Ultimately, expect to see a consensus emerge somewhere between no regulation and over-regulation. The driving force, at least at the federal level, may either be an environmental incident that gains national attention, such as a series of small earthquakes that occurred in the vicinity of Youngstown, Ohio that the Ohio Department of Natural Resources (ODNR) has attributed to the injection of oil and gas production wastes in a nearby Class II well, or the unwillingness of other industrial sectors to absorb the regulatory burden posed by the lack of regulation of oil and gas wastes (both the Clean Air Act and Clean Water Act impose limits on the amount of pollution that can be released into the environment in any given area based upon the total pollution released by all contributing sources; if contributions from oil and gas operations go unregulated, other industrial sections may be forced to “overcontrol” to “pick up the slack.”).

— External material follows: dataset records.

lemma string_closed:
  assumes x: "x \<in> R1" "B x x \<noteq> 0" and y: "y \<in> R1" and "y + of_int n *\<^sub>R x \<in> R"
  shows "y + of_int n *\<^sub>R x \<in> R1"
proof (cases "0 \<le> n")
  case True
  then have "n = int (nat n)"
    by simp
  then show ?thesis
    using string_closed_nat[OF x y, of "nat n"] assms(4) by (metis of_int_of_nat_eq)
next
  case False
  then have m: "n = - int (nat (- n))"
    by simp
  have "- x \<in> R1" "B (- x) (- x) \<noteq> 0"
    using x uminus_closed bilinear_uminus_diag[OF bilinear] by auto
  then show ?thesis
    using string_closed_nat[OF _ _ y, of "- x" "nat (- n)"] assms(4) m by simp
qed

definition R1' :: "'a set" where
  "R1' = (R1 \<inter> nonisotropic B R) \<union> (zspan R1 \<inter> isotropic B R)"

lemma R1'_subset: "R1' \<subseteq> R"
  unfolding R1'_def nonisotropic_def isotropic_def by blast

lemma subset_R1': "R1 \<subseteq> R1'"
  using subset zspan_superset unfolding R1'_def nonisotropic_def isotropic_def by blast

lemma R1'_subset_zspan: "R1' \<subseteq> zspan R1"
  using zspan_superset unfolding R1'_def by blast

lemma span_R1': "span R1' = span R1"
  using subset_R1' R1'_subset_zspan zspan_subset_span
  by (metis span_mono span_span subset_antisym order_trans)

lemma nonisotropic_R1': "nonisotropic B R1' = R1 \<inter> nonisotropic B R"
  unfolding R1'_def nonisotropic_def isotropic_def by blast

lemma R1'_uminus_closed: "\<forall>x\<in>R1'. - x \<in> R1'"
  using uminus_closed uminus_root zspan_minus bilinear_uminus_diag[OF bilinear]
  unfolding R1'_def nonisotropic_def isotropic_def by auto

lemma string_closed_R1':
  assumes x: "x \<in> R1" "B x x \<noteq> 0" and y: "y \<in> R1'" and "y + of_int n *\<^sub>R x \<in> R"
  shows "y + of_int n *\<^sub>R x \<in> R1'"
proof -
  define w where "w = y + of_int n *\<^sub>R x"
  have w: "w \<in> R"
    using assms(4) unfolding w_def .
  have "w \<in> R1'"
  proof (cases "B w w = 0")
    case True
    have "w \<in> zspan R1"
      unfolding w_def using y x(1) R1'_subset_zspan zspan_superset
      by (blast intro: zspan_add zspan_scaleR_of_int)
    with True w show ?thesis
      unfolding R1'_def isotropic_def by blast
  next
    case nonisotropic: False
    consider "y \<in> R1" | "B x w \<noteq> 0" | "B y y = 0" "B x w = 0"
      using y unfolding R1'_def isotropic_def by blast
    then show ?thesis
    proof cases
      case 1
      then show ?thesis
        using string_closed[OF x 1] w subset_R1' unfolding w_def by blast
    next
      case 2
      then show ?thesis
        using orthogonal_closed x(1) w subset_R1' by blast
    next
      case 3
      have "x \<in> R" "y \<in> R"
        using x(1) y subset R1'_subset by auto
      then have "B w w = - ((of_int n)\<^sup>2 * B x x)"
        unfolding w_def using 3 symmetric
        by (intro bilinear_isotropic_shift_orthogonal[OF bilinear]) (auto simp: w_def)
      moreover have "0 \<le> (of_int n)\<^sup>2 * B x x" "0 \<le> B w w"
        using nonneg \<open>x \<in> R\<close> w by auto
      ultimately have "B w w = 0"
        by linarith
      with nonisotropic show ?thesis
        by contradiction
    qed
  qed
  then show ?thesis
    unfolding w_def .
qed

lemma gen_red_root_system_R1:
  assumes "a \<in> R1" and "B a a \<noteq> 0"
  shows "gen_red_root_system B (span R1) R1"
  by (rule gen_red_root_system_subset[OF root_system subset uminus_closed assms string_closed])

lemma gen_red_root_system_R1':
  assumes "a \<in> R1" and "B a a \<noteq> 0"
  shows "gen_red_root_system B (span R1) R1'"
proof -
  have "gen_red_root_system B (span R1') R1'"
  proof (rule gen_red_root_system_subset[OF root_system R1'_subset R1'_uminus_closed _ assms(2)])
    show "a \<in> R1'"
      using assms(1) subset_R1' by blast
    fix x y n
    assume "x \<in> R1'" "B x x \<noteq> 0" "y \<in> R1'" "y + of_int n *\<^sub>R x \<in> R"
    moreover from \<open>x \<in> R1'\<close> \<open>B x x \<noteq> 0\<close> have "x \<in> R1"
      using nonisotropic_R1' unfolding nonisotropic_def by blast
    ultimately show "y + of_int n *\<^sub>R x \<in> R1'"
      using string_closed_R1' by blast
  qed
  then show ?thesis
    by (simp only: span_R1')
qed

end

theorem lemma2p1:
  fixes B :: "'a::euclidean_space \<Rightarrow> 'a \<Rightarrow> real"
    and V R R1 :: "'a set"
  assumes R: "gen_red_root_system B V R"
    and sub: "R1 \<subseteq> R"
    and ne: "R1 \<inter> nonisotropic B R \<noteq> {}"
    and a: "\<forall>x\<in>R1. - x \<in> R1"
    and b: "{\<delta> \<in> isotropic B R. \<exists>a'\<in>R1 \<inter> nonisotropic B R. a' + \<delta> \<in> R1} \<subseteq> R1"
    and c: "\<forall>a'\<in>R1. \<forall>\<beta>\<in>R. B a' \<beta> \<noteq> 0 \<longrightarrow> \<beta> \<in> R1"
  shows "gen_red_root_system B (span R1) R1
       \<and> gen_red_root_system B (span R1)
           ((R1 \<inter> nonisotropic B R) \<union> (zspan R1 \<inter> isotropic B R))"
proof -
  interpret closed_root_subset B V R R1
    using R sub a b c by unfold_locales
  obtain a0 where "a0 \<in> R1" "B a0 a0 \<noteq> 0"
    using ne unfolding nonisotropic_def by blast
  then show ?thesis
    using gen_red_root_system_R1 gen_red_root_system_R1' unfolding R1'_def by blast
qed

end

If the feds don’t do it, the states may. While some of the exemptions from federal regulation are preemptive (i.e., barring states and localities from regulating where the feds have not), not all of them are, and those that are may fall to public pressure should anything untoward happen.

A case in point may be Ohio’s decision to impose a moratorium on underground injection wells that receive oil and gas production wastes.

Following the earthquakes near Youngstown that ODNR ultimately attributed to the injection of oil and gas production wastes into a well in the area, a moratorium on new Class II wells was imposed while ODNR studied the issue. After completing its study, ODNR announced that it would adopt rules that limited the depth of Underground Injection Control (UIC) wells, as well as imposed other regulatory restrictions (including possibly requiring the submittal of seismic survey information as part of a UIC permit application).

Whether the ultimate source is state or federal, more restrictive environmental regulatory requirements, warranted or not, are coming.